My mother’s parents were fourth cousins.  I don’t think they knew, because my grandmother’s father was born out of wedlock.  My grandfather’s parents were third cousins; they definitely knew.  There’s no known incest in this tree, but the cousin marriages go on and on, back to the earliest settlers in Port-Royal, Acadia (now Annapolis Royal, Nova Scotia) in the early 1600s, because there simply weren’t a lot of options for marriage partners.

The closest cousin marriages I’ve identified in this tree are between first cousins.  Consider Isaure Marie Guidry (1863–1933), my mother’s great grandmother.  In the diagram above, she is the left-most female (pink) ancestor just below the horizontal line for 1850.  Her parents, Alexis Onésime Guidry and Palmire Dupré, were first cousins through their shared grandparents Louis–David Guidry and Marie Modeste Borda.

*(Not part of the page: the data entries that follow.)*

(* Let $n\in\{2,3\}$, let $\Gamma\subset\Gamma_\infty$ be a nonempty bounded relatively open set, let $\tilde{\mathbf d}\in\mathbb{R}^{n-1}$ be a unit vector and $0\neq\psi\in\mathscr{D}(\Gamma)$, and for $k>0$ set $\phi_k(\tilde{\mathbf{x}}):=e^{{\mathrm{i}} k\tilde{\mathbf d}\cdot\tilde{\mathbf{x}}}\psi(\tilde{\mathbf{x}})$. Then there exist $C>0$ and $k_0>0$, independent of $k$, such that for all $k\ge k_0$, $$|\langle T_k\phi_k,\phi_k\rangle_{H^{-1/2}(\Gamma)\times\tilde H^{1/2}(\Gamma)}|\le Ck^{-1/2}\|\phi_k\|^2_{\tilde H^{1/2}_k(\Gamma)}.$$
   Context: $\Gamma_\infty:=\{\mathbf{x}\in\mathbb{R}^n:x_n=0\}$ is identified with $\mathbb{R}^{n-1}$; $\mathscr{D}(\Gamma)=C_0^\infty(\Gamma)$. Fourier transform: $\hat u(\boldsymbol{\xi})=(2\pi)^{-(n-1)/2}\int e^{-{\mathrm{i}}\boldsymbol{\xi}\cdot\mathbf{x}}u(\mathbf{x})\,\mathrm{d}\mathbf{x}$. $\|\phi\|^2_{\tilde H^{1/2}_k(\Gamma)}=\int(k^2+|\boldsymbol{\xi}|^2)^{1/2}|\hat\phi(\boldsymbol{\xi})|^2\,\mathrm{d}\boldsymbol{\xi}$. $T_k\phi=(T_k^\infty\phi)|_\Gamma$ with $\widehat{T_k^\infty\phi}(\boldsymbol{\xi})=\frac{{\mathrm{i}}}{2}Z(\boldsymbol{\xi})\hat\phi(\boldsymbol{\xi})$, $Z(\boldsymbol{\xi})=\sqrt{k^2-|\boldsymbol{\xi}|^2}$ for $|\boldsymbol{\xi}|\le k$ and ${\mathrm{i}}\sqrt{|\boldsymbol{\xi}|^2-k^2}$ for $|\boldsymbol{\xi}|>k$ (the acoustic hypersingular operator). For $\phi\in\mathscr{D}(\Gamma)$ the pairing equals $(T_k\phi,\phi)_{L^2(\Gamma)}=\frac{{\mathrm{i}}}{2}\int Z(\boldsymbol{\xi})|\hat\phi(\boldsymbol{\xi})|^2\,\mathrm{d}\boldsymbol{\xi}$. *)

theory Defs
  imports "HOL-Analysis.Analysis"
begin

text \<open>The screen \<Gamma>_\<infinity> = {x_n = 0} is identified with R^(n-1), modelled by a
 Euclidean space type 'a with DIM('a) = n - 1.\<close>

coinductive smooth_fun :: "('a::euclidean_space \<Rightarrow> complex) \<Rightarrow> bool" where
  "(\<forall>x. f differentiable (at x)) \<Longrightarrow>
   (\<forall>v. smooth_fun (\<lambda>x. frechet_derivative f (at x) v)) \<Longrightarrow> smooth_fun f"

To complicate matters even more, Onésime had been widowed before marrying Palmire.  His previous wife, Celestine, was Palmire’s older sister, and Celestine had a daughter named Marie.  So Marie and Isaure were half sisters through their father Onésime, and first cousins through their mothers Celestine and Palmire.  (This combination is often termed three-quarter siblings.)  But they were also second cousins through Onésime and their mothers.  Each unique relationship path is shown in red below.


Technically, Marie and Isaure were second cousins twice over, once through Onésime and Celestine and once through Onésime and Palmire, but you get the picture.  It’s enough to make your head spin!


How Does Endogamy Affect Genetic Matching?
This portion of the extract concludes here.